Homme, femme, bidouillage : mode d’emploi

Homme, femme, bidouillage : mode d’emploi

Après le Sénat, c’est maintenant au tour de l’Assemblée d’examiner le projet de réforme des élections cantonales. Quel impact le texte aura-t-il? Assurera-t-il une meilleure représentativité? Permettra-t-il de rendre plus efficace l’action du département dans nos vies quotidiennes? Rendra-t-il les collectivités plus économes?

Non ! Rien de tout cela!

En effet, le but quasi-avoué de cette réforme est tout d’abord de revenir sur ce que le gouvernement précédent avait décidé de mettre en place: le conseiller territorial. Celui-ci n’était ni plus ni moins que l’élu d’un canton siégeant à la fois au département et à la région. Un seul élu pour le département et pour la région, ça voulait dire moins d’élus, mais plus en phase avec la réalité du terrain.
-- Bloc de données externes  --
definition gen_field :: "rfun \<Rightarrow> rfun set" where
  "gen_field g = {rcomp R g | R. True}"

text \<open>Fixed field of the automorphism h \<mapsto> h^\<iota> = h \<circ> \<iota>.\<close>
definition fixed_field :: "rfun \<Rightarrow> rfun set" where
  "fixed_field \<iota> = {h. rcomp h \<iota> = h}"

end

theory Submission
  imports Defs
begin

text \<open>
  The divisor of \<open>x\<close> forces \<open>x = c s / q(s)\<close> with \<open>q\<close> quadratic and \<open>q(0) \<noteq> 0\<close>.
  Invariance of \<open>x\<close> under \<open>s \<mapsto> t/s\<close> (the Galois hypothesis is used only for this)
  forces \<open>q(0) = t \<cdot> lead q\<close>, so \<open>1/x\<close> is an affine function of \<open>u = s + t/s\<close>.
  A function whose poles lie in \<open>{0, \<infinity>}\<close> is a Laurent polynomial \<open>p(s)/s\<^sup>k\<close> with
  \<open>deg p \<le> 2k\<close>. If it is invariant, subtracting \<open>c u\<^sup>k\<close>, with \<open>c\<close> the top coefficient
  of \<open>p\<close>, leaves an invariant Laurent polynomial whose top and, by invariance, bottom
  coefficients vanish; so by induction on \<open>k\<close> it is a polynomial in \<open>u\<close>, hence in \<open>1/x\<close>.
\<close>

lemma rconst_eq_to_fract: "rconst c = to_fract [:c:]"
  by (simp add: rconst_def to_fract_def)

lemma svar_eq_to_fract: "svar = to_fract [:0, 1:]"
  by (simp add: svar_def to_fract_def)

lemma svar_nonzero [simp]: "svar \<noteq> 0"
  by (simp add: svar_eq_to_fract)

lemma rconst_0 [simp]: "rconst 0 = 0"
  by (simp add: rconst_eq_to_fract)

lemma rconst_1 [simp]: "rconst 1 = 1"
  by (simp add: rconst_eq_to_fract flip: one_pCons)

lemma rconst_eq_0_iff [simp]: "rconst c = 0 \<longleftrightarrow> c = 0"
  by (simp add: rconst_eq_to_fract)

lemma rconst_add: "rconst (a + b) = rconst a + rconst b"
  by (simp add: rconst_eq_to_fract flip: to_fract_add)

lemma rconst_mult: "rconst (a * b) = rconst a * rconst b"
  by (simp add: rconst_eq_to_fract flip: to_fract_mult)

lemma rconst_uminus: "rconst (- a) = - rconst a"
  by (simp add: rconst_eq_to_fract flip: to_fract_uminus)

lemma rconst_power: "rconst (a ^ n) = rconst a ^ n"
  by (induction n) (simp_all add: rconst_mult)

lemma rconst_divide: "rconst (a / b) = rconst a / rconst b"
proof (cases "b = 0")
  case False
  then have "rconst (a / b) * rconst b = rconst a"
    by (simp flip: rconst_mult)
  with False show ?thesis
    by (simp add: field_simps)
qed simp

lemma to_fract_power: "to_fract (p ^ n) = to_fract p ^ n"
  by (induction n) simp_all

lemma to_fract_smult: "to_fract (smult c p) = rconst c * to_fract p"
  by (simp add: rconst_eq_to_fract flip: to_fract_mult)

lemma to_fract_monom: "to_fract (monom c n) = rconst c * svar ^ n"
  by (simp add: monom_altdef to_fract_smult to_fract_power svar_eq_to_fract)

lemma peval_0 [simp]: "peval 0 g = 0"
  by (simp add: peval_def)

lemma peval_pCons [simp]: "peval (pCons a p) g = rconst a + g * peval p g"
  by (simp add: peval_def map_poly_pCons)

lemma peval_add [simp]: "peval (p + q) g = peval p g + peval q g"
proof (induction p arbitrary: q)
  case (pCons a p)
  then show ?case
    by (cases q rule: pCons_cases) (simp add: rconst_add algebra_simps)
qed simp

lemma peval_smult [simp]: "peval (smult c p) g = rconst c * peval p g"
  by (induction p) (simp_all add: rconst_mult algebra_simps)

lemma peval_mult [simp]: "peval (p * q) g = peval p g * peval q g"
  by (induction p) (simp_all add: algebra_simps)

lemma peval_1 [simp]: "peval 1 g = 1"
  by (simp add: one_pCons)

lemma peval_uminus [simp]: "peval (- p) g = - peval p g"
  using peval_smult[of "-1" p g] by (simp add: rconst_uminus)

lemma peval_diff [simp]: "peval (p - q) g = peval p g - peval q g"
  using peval_add[of p "- q" g] by simp

lemma peval_power [simp]: "peval (p ^ n) g = peval p g ^ n"
  by (induction n) simp_all

lemma peval_monom [simp]: "peval (monom c n) g = rconst c * g ^ n"
  by (simp add: monom_altdef)

lemma peval_pcompose: "peval (pcompose p q) g = peval p (peval q g)"
  by (induction p) (simp_all add: pcompose_pCons)

lemma peval_svar [simp]: "peval p svar = to_fract p"
proof (induction p)
  case (pCons a p)
  have "pCons a p = [:a:] + [:0, 1:] * p"
    by simp
  then have "to_fract (pCons a p) = rconst a + svar * to_fract p"
    by (simp only: rconst_eq_to_fract svar_eq_to_fract to_fract_add to_fract_mult)
  with pCons show ?case
    by simp
qed simp

lemma quot_of_fractE:
  obtains p q where "quot_of_fract h = (p, q)" "coprime p q" "q \<noteq> 0"
    "h = to_fract p / to_fract q"
proof -
  obtain p q where pq: "quot_of_fract h = (p, q)"
    by (cases "quot_of_fract h")
  show thesis
    by (rule that[OF pq])
      (use coprime_quot_of_fract[of h] snd_quot_of_fract_nonzero[of h] Fract_quot_of_fract[of h] pq
        in \<open>simp_all add: Fract_conv_to_fract\<close>)
qed

lemma rcomp_fract:
  assumes "b \<noteq> 0" and "peval b g \<noteq> 0"
  shows "rcomp (to_fract a / to_fract b) g = peval a g / peval b g"
proof -
  obtain p q where pq: "quot_of_fract (to_fract a / to_fract b) = (p, q)" "coprime p q" "q \<noteq> 0"
    "to_fract a / to_fract b = to_fract p / to_fract q"
    by (rule quot_of_fractE)
  then have cross: "a * q = p * b"
    using assms(1) by (simp add: field_simps flip: to_fract_mult)
  then have "q dvd b"
    using pq(2) by (metis coprime_commute coprime_dvd_mult_right_iff dvd_triv_right)
  then obtain r where "b = q * r" ..
  \<comment> \<open>The reduced denominator divides \<open>b\<close>, so it does not vanish at \<open>g\<close> either.\<close>
  then have "peval q g \<noteq> 0"
    using assms(2) by auto
  moreover have "peval a g * peval q g = peval p g * peval b g"
    using cross by (metis peval_mult)
  ultimately show ?thesis
    using pq(1) assms(2) by (simp add: rcomp_def field_simps)
qed

lemma rcomp_svar [simp]: "rcomp svar g = g"
  using rcomp_fract[of 1 g "[:0, 1:]"] by (simp add: svar_eq_to_fract)

lemma rcomp_eq_if_fixed_field_eq_gen_field:
  assumes "fixed_field \<iota> = gen_field g"
  shows "rcomp g \<iota> = g"
proof -
  have "g \<in> gen_field g"
    unfolding gen_field_def by (metis (mono_tags) mem_Collect_eq rcomp_svar)
  with assms show ?thesis
    unfolding fixed_field_def by blast
qed

lemma not_root_if_order_le:
  fixes p q :: "complex poly"
  assumes "coprime p q" "p \<noteq> 0" "q \<noteq> 0" "order a q \<le> order a p"
  shows "poly q a \<noteq> 0"
proof
  assume "poly q a = 0"
  moreover from this have "poly p a = 0"
    using assms(2-4) by (simp add: order_root)
  ultimately have "is_unit [:-a, 1:]"
    using assms(1) coprime_common_divisor by (simp add: poly_eq_0_iff_dvd)
  then show False
    by (simp add: is_unit_iff_degree)
qed

lemma eq_monom_if_no_nonzero_root:
  fixes p :: "complex poly"
  assumes "p \<noteq> 0" and no_root: "\<And>a. a \<noteq> 0 \<Longrightarrow> poly p a \<noteq> 0"
  obtains c where "c \<noteq> 0" "p = monom c (order 0 p)"
proof -
  obtain r where r: "p = [:0, 1:] ^ order 0 p * r" and r0: "\<not> [:0, 1:] dvd r"
    using order_decomp[OF assms(1), of 0] by auto
  have "poly r a \<noteq> 0" for a
  proof (cases "a = 0")
    case True
    with r0 show ?thesis
      by (simp add: poly_eq_0_iff_dvd)
  next
    case False
    with r show ?thesis
      using no_root by (metis mult_zero_right poly_mult)
  qed
  then obtain c where "c \<noteq> 0" "r = [:c:]"
    using fundamental_theorem_of_algebra_alt[of r] by blast
  with r show thesis
    by (intro that) (simp_all add: monom_altdef mult.commute)
qed

lemma degree_le_if_coeff_Suc_eq_0:
  assumes "degree p \<le> Suc n" and "coeff p (Suc n) = 0"
  shows "degree p \<le> n"
  using assms by (metis degree_0 le0 le_Suc_eq leading_coeff_0_iff)

lemma laurent_form_if_poles_in_0_inf:
  assumes "h \<noteq> 0" and "rpoles h \<subseteq> {Some 0, None}"
  obtains p k where "degree p \<le> 2 * k" "h = to_fract p / svar ^ k"
proof -
  obtain p q where pq: "quot_of_fract h = (p, q)" "coprime p q" "q \<noteq> 0"
    "h = to_fract p / to_fract q"
    by (rule quot_of_fractE)
  have "p \<noteq> 0"
    using assms(1) pq(4) by auto
  have "poly q a \<noteq> 0" if "a \<noteq> 0" for a
  proof (rule not_root_if_order_le[OF pq(2) \<open>p \<noteq> 0\<close> pq(3)])
    have "Some a \<notin> rpoles h"
      using assms(2) that by auto
    then have "rdivisor h (Some a) \<ge> 0"
      using assms(1) by (simp add: rpoles_def)
    then show "order a q \<le> order a p"
      using pq(1) by (simp add: rdivisor_def rord_def)
  qed
  then obtain c where c: "c \<noteq> 0" "q = monom c (order 0 q)"
    using eq_monom_if_no_nonzero_root[OF pq(3)] by blast
  define m n where "m = order 0 q" and "n = degree p"
  define p' where "p' = smult (1 / c) p * [:0, 1:] ^ n"
  have q_eq: "to_fract q = rconst c * svar ^ m"
    using c(2) by (metis m_def to_fract_monom)
  have "degree p' \<le> n + n"
    unfolding p'_def by (rule order.trans[OF degree_mult_le]) (simp add: n_def degree_power_eq)
  then have "degree p' \<le> 2 * (m + n)"
    by simp
  moreover have "h = to_fract p' / svar ^ (m + n)"
    using c(1) pq(4) q_eq by (simp add: p'_def to_fract_smult to_fract_power svar_eq_to_fract
        rconst_divide power_add field_simps)
  ultimately show thesis
    by (rule that)
qed

lemma linear_over_quadratic_if_divisor:
  assumes "x \<noteq> 0" and ord_0: "rdivisor x (Some 0) = 1" and ord_inf: "rdivisor x None = 1"
    and no_zero: "\<And>a. a \<noteq> 0 \<Longrightarrow> rdivisor x (Some a) \<le> 0"
  obtains c q where "c \<noteq> 0" "degree q = 2" "poly q 0 \<noteq> 0" "x = rconst c * svar / to_fract q"
proof -
  obtain p q where pq: "quot_of_fract x = (p, q)" "coprime p q" "q \<noteq> 0"
    "x = to_fract p / to_fract q"
    by (rule quot_of_fractE)
  have "p \<noteq> 0"
    using assms(1) pq(4) by auto
  have order_0: "order 0 p = order 0 q + 1"
    using ord_0 pq(1) by (simp add: rdivisor_def rord_def)
  then have q0: "poly q 0 \<noteq> 0"
    using not_root_if_order_le[OF pq(2) \<open>p \<noteq> 0\<close> pq(3)] by simp
  then have "order 0 p = 1"
    using order_0 by (simp add: order_root)
  have "poly p a \<noteq> 0" if "a \<noteq> 0" for a
  proof (rule not_root_if_order_le)
    show "order a p \<le> order a q"
      using no_zero[OF that] pq(1) by (simp add: rdivisor_def rord_def)
  qed (use pq(2,3) \<open>p \<noteq> 0\<close> in \<open>simp_all add: coprime_commute\<close>)
  then obtain c where c: "c \<noteq> 0" "p = monom c 1"
    using eq_monom_if_no_nonzero_root[OF \<open>p \<noteq> 0\<close>] \<open>order 0 p = 1\<close> by metis
  moreover have "degree q = 2"
    using ord_inf pq(1) c by (simp add: rdivisor_def rord_inf_def degree_monom_eq)
  moreover have "x = rconst c * svar / to_fract q"
    using pq(4) c(2) by (simp add: to_fract_monom)
  ultimately show thesis
    using q0 that by blast
qed

lemma s_plus_t_over_s_poly_in_inverse:
  assumes "c \<noteq> 0" "degree q = 2" "poly q 0 \<noteq> 0"
    and x_eq: "x = rconst c * svar / to_fract q"
    and fixed: "rcomp x (rconst t / svar) = x"
  shows "t \<noteq> 0" and "\<exists>U. peval U (inverse x) = svar + rconst t / svar"
proof -
  define \<iota> where "\<iota> = rconst t / svar"
  define a0 a1 a2 where "a0 = coeff q 0" and "a1 = coeff q 1" and "a2 = coeff q 2"
  have q_eq: "q = [:a0, a1, a2:]"
    unfolding a0_def a1_def a2_def using assms(2)
    by (intro poly_eqI) (auto simp: coeff_pCons coeff_eq_0 numeral_2_eq_2 split: nat.split)
  have "a0 \<noteq> 0"
    using assms(3) by (simp add: a0_def poly_0_coeff_0)
  have "a2 \<noteq> 0"
    using assms(2) leading_coeff_0_iff[of q] by (auto simp: a2_def)
  have "q \<noteq> 0"
    using assms(2) by auto
  define R where "R = [:t^2 * a2, t * a1, a0:]"
  have q_at_\<iota>: "peval q \<iota> * svar ^ 2 = to_fract R"
    unfolding peval_svar[symmetric, of R] by (simp add: q_eq R_def \<iota>_def rconst_mult rconst_power
        field_simps power2_eq_square del: peval_svar)
  then have "peval q \<iota> \<noteq> 0"
    using \<open>a0 \<noteq> 0\<close> by (auto simp: R_def)
  have "rconst c * \<iota> / peval q \<iota> = rconst c * svar / to_fract q"
  proof -
    have "x = to_fract (monom c 1) / to_fract q"
      by (simp add: x_eq to_fract_monom)
    then have "rcomp x \<iota> = rconst c * \<iota> / peval q \<iota>"
      using rcomp_fract[of q \<iota> "monom c 1"] \<open>peval q \<iota> \<noteq> 0\<close> \<open>q \<noteq> 0\<close> by simp
    then show ?thesis
      using fixed x_eq by (simp add: \<iota>_def)
  qed
  then have "\<iota> * to_fract q = svar * peval q \<iota>"
    using \<open>peval q \<iota> \<noteq> 0\<close> \<open>q \<noteq> 0\<close> assms(1) by (auto simp: field_simps)
  then have "rconst t * to_fract q = peval q \<iota> * svar ^ 2"
    by (simp add: \<iota>_def power2_eq_square field_simps)
  then have "smult t q = R"
    by (metis q_at_\<iota> to_fract_eq_iff to_fract_smult)
  then have "t * a2 = a0"
    using coeff_smult[of t q 2] by (simp add: R_def a2_def numeral_2_eq_2)
  then show "t \<noteq> 0"
    using \<open>a0 \<noteq> 0\<close> by auto
  have "to_fract q = svar * (rconst a2 * (svar + \<iota>) + rconst a1)"
    unfolding peval_svar[symmetric, of q]
    by (simp add: q_eq \<iota>_def field_simps power2_eq_square flip: \<open>t * a2 = a0\<close> add: rconst_mult
        del: peval_svar)
  then have "inverse x = (rconst a2 * (svar + \<iota>) + rconst a1) / rconst c"
    by (simp add: x_eq)
  then have "peval [:- a1 / a2, c / a2:] (inverse x) = svar + \<iota>"
    using \<open>a2 \<noteq> 0\<close> assms(1) by (simp add: rconst_divide rconst_uminus field_simps)
  then show "\<exists>U. peval U (inverse x) = svar + rconst t / svar"
    unfolding \<iota>_def by blast
qed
Ce que le gouvernement socialiste propose est en tout point différent.

Le texte prévoit une diminution d’environ 50% du nombre de cantons, certes. Mais avec plus 135 élus de plus qu’aujourd’hui! Comment font-ils? C’est simple : chaque canton sera représenté par un binôme d’élus qui devra obligatoirement être composé d’un homme et d’une femme.

Moralité de l’histoire, ce sont les cantons ruraux qui payeront la note. Ils seront moins bien représentés car intégrés dans d’immenses cantons incluant de grands ensembles urbains.

A titre d’exemple, dans le Vaucluse, nous passerons de 24 cantons pour 24 élus à 15 cantons pour 30 élus. Même le président du conseil général et sénateur de Vaucluse s’en est plaint! Pourquoi? Parce que la Dordogne, par exemple, qui compte 100 000 habitants de moins que le Vaucluse, aura toujours 2 fois plus de cantons et d’élus que notre département! C’est aussi ça la magie de la représentativité selon les socialistes…

Ce curieux couple est au surplus une négation de la démocratie représentative car il sous-entend que les élus doivent refléter la réalité biologique de la société : un homme représente des hommes, une femme représente des femmes. Quid après ? 2 députés ? 2 Présidents de la République ?

Mais ce n’est pas tout. Le projet du gouvernement revient sur la règle qui limitait les triangulaires. Pourquoi ? Pour augmenter le nombre de triangulaires tout simplement. Car les triangulaires sont généralement plus profitables à la gauche qu’à la droite.

En outre, il veut imposer toujours plus de proportionnelle dans les modes de scrutin ce qui détachera les élus du peuple en faisant des appareils des partis les véritables décideurs et « faiseurs d’élus ».

Face à ce constat, j’ai déposé plus d’une centaine d’amendements avec plusieurs de mes collègues du groupe UMP. Certains de ces amendements proposent de démontrer la logique absurde et dévoyée qui réside dans l’idée du binôme, en instaurant des quotas de personnes issues de toutes les catégories socio-professionnelles afin d’assurer une réelle représentativité. D’autres, plus techniques, reviennent sur la délimitation des cantons, proposent de créer des “zones prioritaires de représentativité politique” qui couvriraient les cantons ruraux ayant disparu. J’ai enfin pris mes responsabilités en proposant de réunifier des villes de moins de 35 000 habitants découpées en 2 cantons ou 2 circonscriptions législatives comme Carpentras. Ce découpage est préjudiciable à l’identité de la ville. Même si cette réunification n’est pas forcément dans mon intérêt politique, étant arrivé derrière le PS et le FN. J’assume !

Soyez assurés de ma plus totale opposition à ce texte. Je saurai être ferme face à ce tripatouillage électoral.